Monday


26
Jul 21

Welcome to the last week of July

Let’s jump right into the big Monday feature. Mondays are better with pets, after all. So here’s a nice series of Phoebe doing her modeling thing on the stairs.

She looks up, giving you coy.

She looks down, giving you introspection.

And that’s all you get, she says.

Poseidon sometimes jumps on the TV stand. He’ll look at the TV for a moment. He’ll walk around it. Once in a while he stands on his back legs and tries to poke his head over the top. He’s long and tall, but you can only just see part of his face. He’s big and strong enough that it makes you nervous.

But then he uses feline grace and does this.

For whatever reason, he likes bike races. (Yes, this little series is a few weeks old now. I’ve been saving it.) This isn’t the first time that he’s been interested in road racing.

He sits with me to watch them too.

Yes, he’s sitting in my lap and watching the Tour there.

Speaking of bikes …

My front derailleur froze. This is only a problem if you want to swap from the big ring to the little ring. It happened over the winter, probably because I get sweaty during indoor riding and it fused.

I had a springtime tuneup, an annual rite of passage for most road bikes. That required new cables and the purchase and installation of a Fisher-Price replacement derailleur. (It looks like the real thing; it does nothing.) Still didn’t work. Soon after, there was another trip to the shop, where the mechanic tinkered, but ultimately did not fix the problem.

So a third trip to the bike shop, where the mechanic, one of the few who doesn’t actually want to work on things, I’ve decided, fixed it again. After he destroyed the new cable he put on a few weeks ago.

I learned on Saturday’s 30-miler that, after all of this, the front derailleur works precisely a third of the time.

That’s a great way to keep the spirits up on a bike ride.

I need a new bike shop.

The rest of the weekend was normal. There was the routine Chick-fil-A lunch, an evening chat with friends and, of course, the Olympics. My lovely bride is a world-renowned Olympic scholar. We watch a lot of sports. Over the next two weeks here you can pretty much assume that almost every moment not specifically accounted for is sleep, or Olympics.


19
Jul 21

I made a Latin joke

I had a 27-mile ride on Saturday. It was not my best bike ride, he said for about 60th time this year, but it was a fine ride otherwise. This one, meanwhile, is cruising along in fine form. I think she’s lapping me here.

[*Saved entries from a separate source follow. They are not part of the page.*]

(* Let $m\ge1$ and $[m]=\{1<2<\dots<m\}$. For every poset ideal $\mathcal{J}\subseteq\mathrm{Hom}([m],\mathbb{N})$ the projected co-letterplace ideal $L^{p_2}([m],\mathcal{J})$ is a strongly stable $m$-regular ideal of $k[x_0,x_1,x_2,\dots]$, and $\mathcal{J}\mapsto L^{p_2}([m],\mathcal{J})$ is a one-to-one correspondence between poset ideals of $\mathrm{Hom}([m],\mathbb{N})$ and finitely generated strongly stable $m$-regular ideals of $k[x_0,x_1,x_2,\dots]$.
   Context: $\mathbb{N}=\{0,1,2,\dots\}$; $\mathrm{Hom}([m],\mathbb{N})$ is the set of weakly increasing maps $[m]\to\mathbb{N}$ ordered pointwise. A marker for $\mathcal{J}$ is a poset ideal $I=\{1,\dots,r\}\subseteq[m]$ ($0\le r\le m$) with an isotone $\alpha:I\to\mathbb{N}$ such that every isotone $\phi:[m]\to\mathbb{N}$ with $\phi|_I=\alpha$ lies in $\mathcal{J}$; its graph is $\Gamma\alpha=\{(a,\alpha(a)):a\in I\}$. $k$ is a field; the co-letterplace ideal $L([m],\mathcal{J})\subseteq k[x_{a,i}:(a,i)\in[m]\times\mathbb{N}]$ is generated by $\prod_{(a,i)\in\Gamma\alpha}x_{a,i}$ over all markers $\alpha$. $L^{p_2}([m],\mathcal{J})$ is the ideal of $k[x_0,x_1,\dots]$ generated by the images of these generators under $x_{a,i}\mapsto x_i$. A monomial ideal is strongly stable if for every monomial $u$ and $i<j$, $x_ju\in I$ implies $x_iu\in I$. A finitely generated ideal is $m$-regular if its Castelnuovo–Mumford regularity (in a polynomial subring in finitely many variables containing its generators) is at most $m$. *)

theory Defs
  imports Complex_Main "HOL-Library.Poly_Mapping"
begin

(* The polynomial ring k[x_0,x_1,x_2,...]: finitely supported maps from monomials
  (exponent vectors, nat \<Rightarrow>\<^sub>0 nat, variable x_i has index i) to coefficients. *)
type_synonym 'k poly_ring = "(nat \<Rightarrow>\<^sub>0 nat) \<Rightarrow>\<^sub>0 'k"

definition monom :: "(nat \<Rightarrow>\<^sub>0 nat) \<Rightarrow> 'k::comm_ring_1 poly_ring" where
  "monom u = Poly_Mapping.single u 1"

definition var_exp :: "nat \<Rightarrow> (nat \<Rightarrow>\<^sub>0 nat)" where
  "var_exp i = Poly_Mapping.single i 1"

We celebrated with the traditional Saturday Chick-fil-A takeout and then had a chat with friends. We also watched the final two stages of the Tour de France, completing the race as we do every year, singing Joe Dassin’s Les Champs-Elysees.

I also went for a run. Nice and slow. Any slower and I’d be walking. Somehow, I’m told, being slow makes me faster. Which might be the case if you were running slowly deliberately. At the moment I’m running slowly as a matter of function. It’s the status slow, you might say.

It’s Monday, and that means it is time to check on the cats! It’s the week’s most anticipated and widely viewed feature, and don’t think I haven’t noticed.

Phoebe would like you to know she was framed.

Framed!

No one has ever caught her doing anything she isn’t supposed to do, because Phoebe is a good girl. No one has ever caught her out on the ledge where she doesn’t belong …

It does look cozy out there. I always wonder why it was carpeted. Every day I wonder.

Poseidon is hanging out in his tunnel and is playing up his big ham tendencies.

It takes a lot out of him, being a ham. Here he is asleep. Under a blanket. On a pillow.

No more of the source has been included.